Try it :: How many lines in these entries contain the string "cmod"? Reply with the number alone.

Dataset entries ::
+ + + + +
(* Let $(b,c)$ be a connected weighted graph over $X$ with $c\equiv0$. Then, pointwise on $X\times X$, $$\varrho=\sup\{\sigma:\ \sigma \text{ is a pseudometric on }X\text{ intrinsic with respect to some measure } m \text{ on } X \text{ with } m(X)\le1\}.$$
   Context: Let $X$ be a countably infinite set. A weighted graph $(b,c)$ over $X$ consists of a symmetric $b:X\times X\to[0,\infty)$ with $b(x,x)=0$ and $\sum_{y}b(x,y)<\infty$ for all $x$, and $c:X\to[0,\infty)$. A path is a finite sequence of pairwise distinct vertices with $b(x_{i-1},x_i)>0$ for consecutive vertices; the graph is connected if any two distinct vertices are joined by a path. For $f:X\to\mathbb C$ let $\widetilde Q(f)=\frac12\sum_{x,y}b(x,y)|f(x)-f(y)|^2+\sum_x c(x)|f(x)|^2\in[0,\infty]$, $\widetilde D=\{f:\widetilde Q(f)<\infty\}$, and $\varrho(x,y)=\sup\{|f(x)-f(y)|:f\in\widetilde D,\ \widetilde Q(f)\le1\}$. A measure on $X$ is a function $m:X\to[0,\infty)$ with $m(A)=\sum_{x\in A}m(x)$. A pseudometric $\sigma$ on $X$ is intrinsic with respect to $m$ if $\frac12\sum_{y}b(x,y)\sigma(x,y)^2\le m(x)$ for all $x\in X$. *)

theory Defs
  imports "HOL-Analysis.Analysis"
begin

definition weighted_graph :: "('a \<Rightarrow> 'a \<Rightarrow> real) \<Rightarrow> ('a \<Rightarrow> real) \<Rightarrow> bool" where
  "weighted_graph b c \<longleftrightarrow>
     (\<forall>x y. b x y = b y x) \<and> (\<forall>x y. 0 \<le> b x y) \<and> (\<forall>x. b x x = 0) \<and>
     (\<forall>x. (\<lambda>y. b x y) summable_on UNIV) \<and> (\<forall>x. 0 \<le> c x)"

definition is_path :: "('a \<Rightarrow> 'a \<Rightarrow> real) \<Rightarrow> 'a list \<Rightarrow> bool" where
  "is_path b p \<longleftrightarrow> p \<noteq> [] \<and> distinct p \<and>
     (\<forall>i. Suc i < length p \<longrightarrow> b (p ! i) (p ! Suc i) > 0)"

definition connected_graph :: "('a \<Rightarrow> 'a \<Rightarrow> real) \<Rightarrow> bool" where
  "connected_graph b \<longleftrightarrow>
     (\<forall>x y. x \<noteq> y \<longrightarrow> (\<exists>p. is_path b p \<and> hd p = x \<and> last p = y))"

definition Qt :: "('a \<Rightarrow> 'a \<Rightarrow> real) \<Rightarrow> ('a \<Rightarrow> real) \<Rightarrow> ('a \<Rightarrow> complex) \<Rightarrow> ennreal" where
  "Qt b c f = (\<Sum>\<^sub>\<infinity>(x,y)\<in>UNIV. ennreal (b x y * (cmod (f x - f y))\<^sup>2)) / 2
              + (\<Sum>\<^sub>\<infinity>x\<in>UNIV. ennreal (c x * (cmod (f x))\<^sup>2))"

definition Dt :: "('a \<Rightarrow> 'a \<Rightarrow> real) \<Rightarrow> ('a \<Rightarrow> real) \<Rightarrow> ('a \<Rightarrow> complex) set" where
  "Dt b c = {f. Qt b c f < \<infinity>}"

definition rho :: "('a \<Rightarrow> 'a \<Rightarrow> real) \<Rightarrow> ('a \<Rightarrow> real) \<Rightarrow> 'a \<Rightarrow> 'a \<Rightarrow> ereal" where
  "rho b c x y = Sup {ereal (cmod (f x - f y)) | f. f \<in> Dt b c \<and> Qt b c f \<le> 1}"

definition pseudometric :: "('a \<Rightarrow> 'a \<Rightarrow> real) \<Rightarrow> bool" where
  "pseudometric \<sigma> \<longleftrightarrow> (\<forall>x y. 0 \<le> \<sigma> x y) \<and> (\<forall>x. \<sigma> x x = 0) \<and>
     (\<forall>x y. \<sigma> x y = \<sigma> y x) \<and> (\<forall>x y z. \<sigma> x z \<le> \<sigma> x y + \<sigma> y z)"

definition is_measure_fn :: "('a \<Rightarrow> real) \<Rightarrow> bool" where
  "is_measure_fn m \<longleftrightarrow> (\<forall>x. 0 \<le> m x)"

definition total_mass :: "('a \<Rightarrow> real) \<Rightarrow> ennreal" where
  "total_mass m = (\<Sum>\<^sub>\<infinity>x\<in>UNIV. ennreal (m x))"

definition intrinsic :: "('a \<Rightarrow> 'a \<Rightarrow> real) \<Rightarrow> ('a \<Rightarrow> 'a \<Rightarrow> real) \<Rightarrow> ('a \<Rightarrow> real) \<Rightarrow> bool" where
  "intrinsic b \<sigma> m \<longleftrightarrow>
     (\<forall>x. (\<Sum>\<^sub>\<infinity>y\<in>UNIV. ennreal (b x y * (\<sigma> x y)\<^sup>2)) / 2 \<le> ennreal (m x))"

end

theory Submission
  imports Defs
begin

text \<open>
  For a pseudometric \<open>\<sigma>\<close> let \<open>E\<^sub>\<sigma>(u) = \<Sum>\<^sub>v b(u,v) \<sigma>(u,v)\<^sup>2\<close>. A measure \<open>m\<close> with
  \<open>m(X) \<le> 1\<close> making \<open>\<sigma>\<close> intrinsic exists iff \<open>\<Sum>\<^sub>u E\<^sub>\<sigma>(u) / 2 \<le> 1\<close>, the minimal choice being
  \<open>m = E\<^sub>\<sigma> / 2\<close>. Without killing term the energy of \<open>f\<close> is exactly \<open>\<Sum>\<^sub>u E\<^sub>\<sigma>(u) / 2\<close> for
  \<open>\<sigma>(u,v) = |f(u) - f(v)|\<close>. Conversely, for an admissible \<open>\<sigma>\<close> the function \<open>f = \<sigma>(x,\<cdot>)\<close> is
  1-Lipschitz with respect to \<open>\<sigma>\<close>, hence has energy at most 1, and \<open>|f(x) - f(y)| = \<sigma>(x,y)\<close>.
  So the two sets of values \<open>|f(x) - f(y)|\<close> and \<open>\<sigma>(x,y)\<close> coincide.
\<close>

definition energy_at :: "('a \<Rightarrow> 'a \<Rightarrow> real) \<Rightarrow> ('a \<Rightarrow> 'a \<Rightarrow> real) \<Rightarrow> 'a \<Rightarrow> ennreal" where
  "energy_at b \<sigma> u = (\<Sum>\<^sub>\<infinity>v\<in>UNIV. ennreal (b u v * (\<sigma> u v)\<^sup>2))"

definition diff_metric :: "('a \<Rightarrow> complex) \<Rightarrow> 'a \<Rightarrow> 'a \<Rightarrow> real" where
  "diff_metric f u v = cmod (f u - f v)"

lemma sum_le_infsum_ennreal:
  fixes g :: "'a \<Rightarrow> ennreal"
  assumes "finite F" and "F \<subseteq> A"
  shows "sum g F \<le> infsum g A"
  using infsum_mono_neutral[of g F g A] assms by (auto simp: nonneg_summable_on_complete)

lemma infsum_Sigma_ennreal:
  fixes f :: "'a \<Rightarrow> 'b \<Rightarrow> ennreal"
  shows "(\<Sum>\<^sub>\<infinity>(x,y)\<in>UNIV. f x y) = (\<Sum>\<^sub>\<infinity>x\<in>UNIV. \<Sum>\<^sub>\<infinity>y\<in>UNIV. f x y)"
proof (rule antisym)
  let ?p = "\<lambda>(x,y). f x y"
  show "(\<Sum>\<^sub>\<infinity>(x,y)\<in>UNIV. f x y) \<le> (\<Sum>\<^sub>\<infinity>x\<in>UNIV. \<Sum>\<^sub>\<infinity>y\<in>UNIV. f x y)"
  proof (rule infsum_le_finite_sums)
    fix F :: "('a \<times> 'b) set" assume F: "finite F" "F \<subseteq> UNIV"
    have "sum ?p F \<le> sum ?p (fst ` F \<times> snd ` F)"
      by (rule sum_mono2) (use F in force)+
    also have "\<dots> = (\<Sum>x\<in>fst ` F. \<Sum>y\<in>snd ` F. f x y)"
      by (simp add: sum.cartesian_product)
    also have "\<dots> \<le> (\<Sum>x\<in>fst ` F. \<Sum>\<^sub>\<infinity>y\<in>UNIV. f x y)"
      by (intro sum_mono sum_le_infsum_ennreal) (use F in auto)
    also have "\<dots> \<le> (\<Sum>\<^sub>\<infinity>x\<in>UNIV. \<Sum>\<^sub>\<infinity>y\<in>UNIV. f x y)"
      by (intro sum_le_infsum_ennreal) (use F in auto)
    finally show "sum ?p F \<le> (\<Sum>\<^sub>\<infinity>x\<in>UNIV. \<Sum>\<^sub>\<infinity>y\<in>UNIV. f x y)" .
  qed (simp add: nonneg_summable_on_complete)
  show "(\<Sum>\<^sub>\<infinity>x\<in>UNIV. \<Sum>\<^sub>\<infinity>y\<in>UNIV. f x y) \<le> (\<Sum>\<^sub>\<infinity>(x,y)\<in>UNIV. f x y)"
  proof (rule infsum_le_finite_sums)
    fix X :: "'a set" assume X: "finite X" "X \<subseteq> UNIV"
    have row: "(\<Sum>\<^sub>\<infinity>y\<in>UNIV. f x y) = infsum ?p (Pair x ` UNIV)" for x
      by (subst infsum_reindex) (auto simp: inj_on_def o_def)
    have "(\<Sum>x\<in>X. \<Sum>\<^sub>\<infinity>y\<in>UNIV. f x y) = infsum ?p (\<Union>x\<in>X. Pair x ` UNIV)"
      unfolding row by (rule sum_infsum) (use X in \<open>auto simp: nonneg_summable_on_complete\<close>)
    also have "\<dots> \<le> infsum ?p UNIV"
      by (rule infsum_mono_neutral) (auto simp: nonneg_summable_on_complete)
    finally show "(\<Sum>x\<in>X. \<Sum>\<^sub>\<infinity>y\<in>UNIV. f x y) \<le> (\<Sum>\<^sub>\<infinity>(x,y)\<in>UNIV. f x y)" by simp
  qed (simp add: nonneg_summable_on_complete)
qed

lemma infsum_cmult_ennreal:
  fixes f :: "'a \<Rightarrow> ennreal"
  assumes "c < top"
  shows "(\<Sum>\<^sub>\<infinity>x\<in>A. c * f x) = c * infsum f A"
proof (rule infsumI)
  have "((\<lambda>F. c * sum f F) \<longlongrightarrow> c * infsum f A) (finite_subsets_at_top A)"
    using ennreal_tendsto_cmult[OF assms] has_sum_infsum[of f A] unfolding has_sum_def
    by (simp add: nonneg_summable_on_complete)
  then show "((\<lambda>x. c * f x) has_sum c * infsum f A) A"
    unfolding has_sum_def by (simp add: sum_distrib_left)
qed

lemma infsum_divide_ennreal:
  fixes f :: "'a \<Rightarrow> ennreal"
  assumes "c \<noteq> 0"
  shows "(\<Sum>\<^sub>\<infinity>x\<in>A. f x / c) = infsum f A / c"
proof -
  have "inverse c < top"
    using assms by (simp add: top.not_eq_extremum[symmetric])
  then show ?thesis
    using infsum_cmult_ennreal[of "inverse c" f A] by (simp add: divide_ennreal_def mult.commute)
qed

lemma pseudometric_diff_metric: "pseudometric (diff_metric f)"
  unfolding pseudometric_def diff_metric_def
  by (auto simp: norm_minus_commute intro: norm_diff_triangle_le)

lemma diff_metric_of_real:
  "diff_metric (\<lambda>u. complex_of_real (g u)) u v = \<bar>g u - g v\<bar>"
  unfolding diff_metric_def by (simp flip: of_real_diff)

lemma pseudometric_Lipschitz:
  assumes "pseudometric \<sigma>"
  shows "\<bar>\<sigma> x u - \<sigma> x v\<bar> \<le> \<sigma> u v"
proof -
  have "\<sigma> x u \<le> \<sigma> x v + \<sigma> v u" "\<sigma> x v \<le> \<sigma> x u + \<sigma> u v" "\<sigma> v u = \<sigma> u v"
    using assms unfolding pseudometric_def by blast+
  then show ?thesis by linarith
qed

lemma energy_at_mono:
  assumes "\<And>v. 0 \<le> b u v" and "\<And>v. \<bar>\<tau> u v\<bar> \<le> \<sigma> u v"
  shows "energy_at b \<tau> u \<le> energy_at b \<sigma> u"
  unfolding energy_at_def
proof (rule infsum_mono)
  fix v
  have "(\<tau> u v)\<^sup>2 \<le> (\<sigma> u v)\<^sup>2"
    using power_mono[OF assms(2)[of v] abs_ge_zero, of 2] by simp
  then show "ennreal (b u v * (\<tau> u v)\<^sup>2) \<le> ennreal (b u v * (\<sigma> u v)\<^sup>2)"
    using assms(1)[of v] by (intro ennreal_leI mult_left_mono)
qed (auto simp: nonneg_summable_on_complete)

lemma Qt_eq_total_energy:
  assumes "\<forall>x. c x = 0"
  shows "Qt b c f = (\<Sum>\<^sub>\<infinity>u\<in>UNIV. energy_at b (diff_metric f) u) / 2"
proof -
  have "(\<Sum>\<^sub>\<infinity>x\<in>UNIV. ennreal (c x * (cmod (f x))\<^sup>2)) = 0"
    using assms by simp
  then show ?thesis
    unfolding Qt_def energy_at_def diff_metric_def infsum_Sigma_ennreal by simp
qed

lemma ex_intrinsic_measure_iff:
  "(\<exists>m. is_measure_fn m \<and> total_mass m \<le> 1 \<and> intrinsic b \<sigma> m)
     \<longleftrightarrow> (\<Sum>\<^sub>\<infinity>u\<in>UNIV. energy_at b \<sigma> u) / 2 \<le> 1"
proof
  assume "\<exists>m. is_measure_fn m \<and> total_mass m \<le> 1 \<and> intrinsic b \<sigma> m"
  then obtain m where mass: "total_mass m \<le> 1" and intr: "intrinsic b \<sigma> m" by blast
  have "(\<Sum>\<^sub>\<infinity>u\<in>UNIV. energy_at b \<sigma> u) / 2 = (\<Sum>\<^sub>\<infinity>u\<in>UNIV. energy_at b \<sigma> u / 2)"
    by (simp add: infsum_divide_ennreal)
  also have "\<dots> \<le> total_mass m"
    using intr unfolding intrinsic_def total_mass_def energy_at_def
    by (intro infsum_mono) (auto simp: nonneg_summable_on_complete)
  finally show "(\<Sum>\<^sub>\<infinity>u\<in>UNIV. energy_at b \<sigma> u) / 2 \<le> 1" using mass by simp
next
  assume total: "(\<Sum>\<^sub>\<infinity>u\<in>UNIV. energy_at b \<sigma> u) / 2 \<le> 1"
  define m where "m u = enn2real (energy_at b \<sigma> u) / 2" for u
  have finite: "energy_at b \<sigma> u < top" for u
  proof -
    have "energy_at b \<sigma> u \<le> (\<Sum>\<^sub>\<infinity>u\<in>UNIV. energy_at b \<sigma> u)"
      using sum_le_infsum_ennreal[of "{u}" UNIV "energy_at b \<sigma>"] by simp
    then have "energy_at b \<sigma> u / 2 < top"
      using total ennreal_one_less_top divide_right_mono_ennreal
      by (meson order_le_less_trans order_trans)
    then show ?thesis
      by (simp add: ennreal_divide_eq_top_iff top.not_eq_extremum[symmetric])
  qed
  have m: "ennreal (m u) = energy_at b \<sigma> u / 2" for u
  proof -
    have "ennreal (m u) = ennreal (enn2real (energy_at b \<sigma> u)) / 2"
      unfolding m_def by (simp add: ennreal_divide_numeral)
    then show ?thesis
      using finite[of u] by simp
  qed
  have "is_measure_fn m"
    unfolding is_measure_fn_def m_def by simp
  moreover have "total_mass m \<le> 1"
    using total unfolding total_mass_def m by (simp add: infsum_divide_ennreal)
  moreover have "intrinsic b \<sigma> m"
    unfolding intrinsic_def m energy_at_def by simp
  ultimately show "\<exists>m. is_measure_fn m \<and> total_mass m \<le> 1 \<and> intrinsic b \<sigma> m" by blast
qed

lemma Qt_distance_function_le:
  assumes "weighted_graph b c" and "\<forall>x. c x = 0" and "pseudometric \<sigma>"
  shows "Qt b c (\<lambda>u. complex_of_real (\<sigma> x u)) \<le> (\<Sum>\<^sub>\<infinity>u\<in>UNIV. energy_at b \<sigma> u) / 2"
proof -
  have "energy_at b (diff_metric (\<lambda>u. complex_of_real (\<sigma> x u))) u \<le> energy_at b \<sigma> u" for u
    using assms(1) pseudometric_Lipschitz[OF assms(3)]
    by (intro energy_at_mono) (auto simp: weighted_graph_def diff_metric_of_real)
  then show ?thesis
    unfolding Qt_eq_total_energy[OF assms(2)]
    by (intro divide_right_mono_ennreal infsum_mono) (auto simp: nonneg_summable_on_complete)
qed

lemma distance_attained_by_energy_function:
  assumes "weighted_graph b c" and "\<forall>x. c x = 0" and "pseudometric \<sigma>"
    and total: "(\<Sum>\<^sub>\<infinity>u\<in>UNIV. energy_at b \<sigma> u) / 2 \<le> 1"
  shows "\<exists>f. f \<in> Dt b c \<and> Qt b c f \<le> 1 \<and> cmod (f x - f y) = \<sigma> x y"
proof -
  define f where "f u = complex_of_real (\<sigma> x u)" for u
  have energy: "Qt b c f \<le> 1"
    using Qt_distance_function_le[OF assms(1-3)] total unfolding f_def by (rule order_trans)
  then have "f \<in> Dt b c"
    unfolding Dt_def infinity_ennreal_def using ennreal_one_less_top
    by (auto intro: order_le_less_trans)
  moreover have "cmod (f x - f y) = \<sigma> x y"
    using assms(3) diff_metric_of_real[of "\<sigma> x" x y]
    unfolding pseudometric_def diff_metric_def f_def by simp
  ultimately show ?thesis
    using energy by blast
qed

theorem mainTheorem4:
  fixes b :: "'a \<Rightarrow> 'a \<Rightarrow> real" and c :: "'a \<Rightarrow> real"
  assumes "countable (UNIV :: 'a set)" and "infinite (UNIV :: 'a set)"
    and "weighted_graph b c" and "connected_graph b" and "\<forall>x. c x = 0"
  shows "\<forall>x y. rho b c x y =
           Sup {ereal (\<sigma> x y) | \<sigma>. pseudometric \<sigma> \<and>
                 (\<exists>m. is_measure_fn m \<and> total_mass m \<le> 1 \<and> intrinsic b \<sigma> m)}"
proof (intro allI)
  fix x y
  have "{ereal (cmod (f x - f y)) | f. f \<in> Dt b c \<and> Qt b c f \<le> 1} =
        {ereal (\<sigma> x y) | \<sigma>. pseudometric \<sigma> \<and>
           (\<exists>m. is_measure_fn m \<and> total_mass m \<le> 1 \<and> intrinsic b \<sigma> m)}"
    (is "?values = ?distances")
  proof (intro equalityI subsetI)
    fix z assume "z \<in> ?values"
    then obtain f where "z = ereal (diff_metric f x y)" and "Qt b c f \<le> 1"
      by (auto simp: diff_metric_def)
    then show "z \<in> ?distances"
      using pseudometric_diff_metric Qt_eq_total_energy[OF assms(5)]
      by (auto simp: ex_intrinsic_measure_iff)
  next
    fix z assume "z \<in> ?distances"
    then obtain \<sigma> where "z = ereal (\<sigma> x y)" and "pseudometric \<sigma>"
      and "(\<Sum>\<^sub>\<infinity>u\<in>UNIV. energy_at b \<sigma> u) / 2 \<le> 1"
      by (auto simp: ex_intrinsic_measure_iff)
    then show "z \<in> ?values"
      using distance_attained_by_energy_function[OF assms(3,5), of \<sigma> x y] by force
  qed
  then show "rho b c x y = Sup ?distances"
    unfolding rho_def by simp
qed

end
+ + + + +
Completed exercise :: 8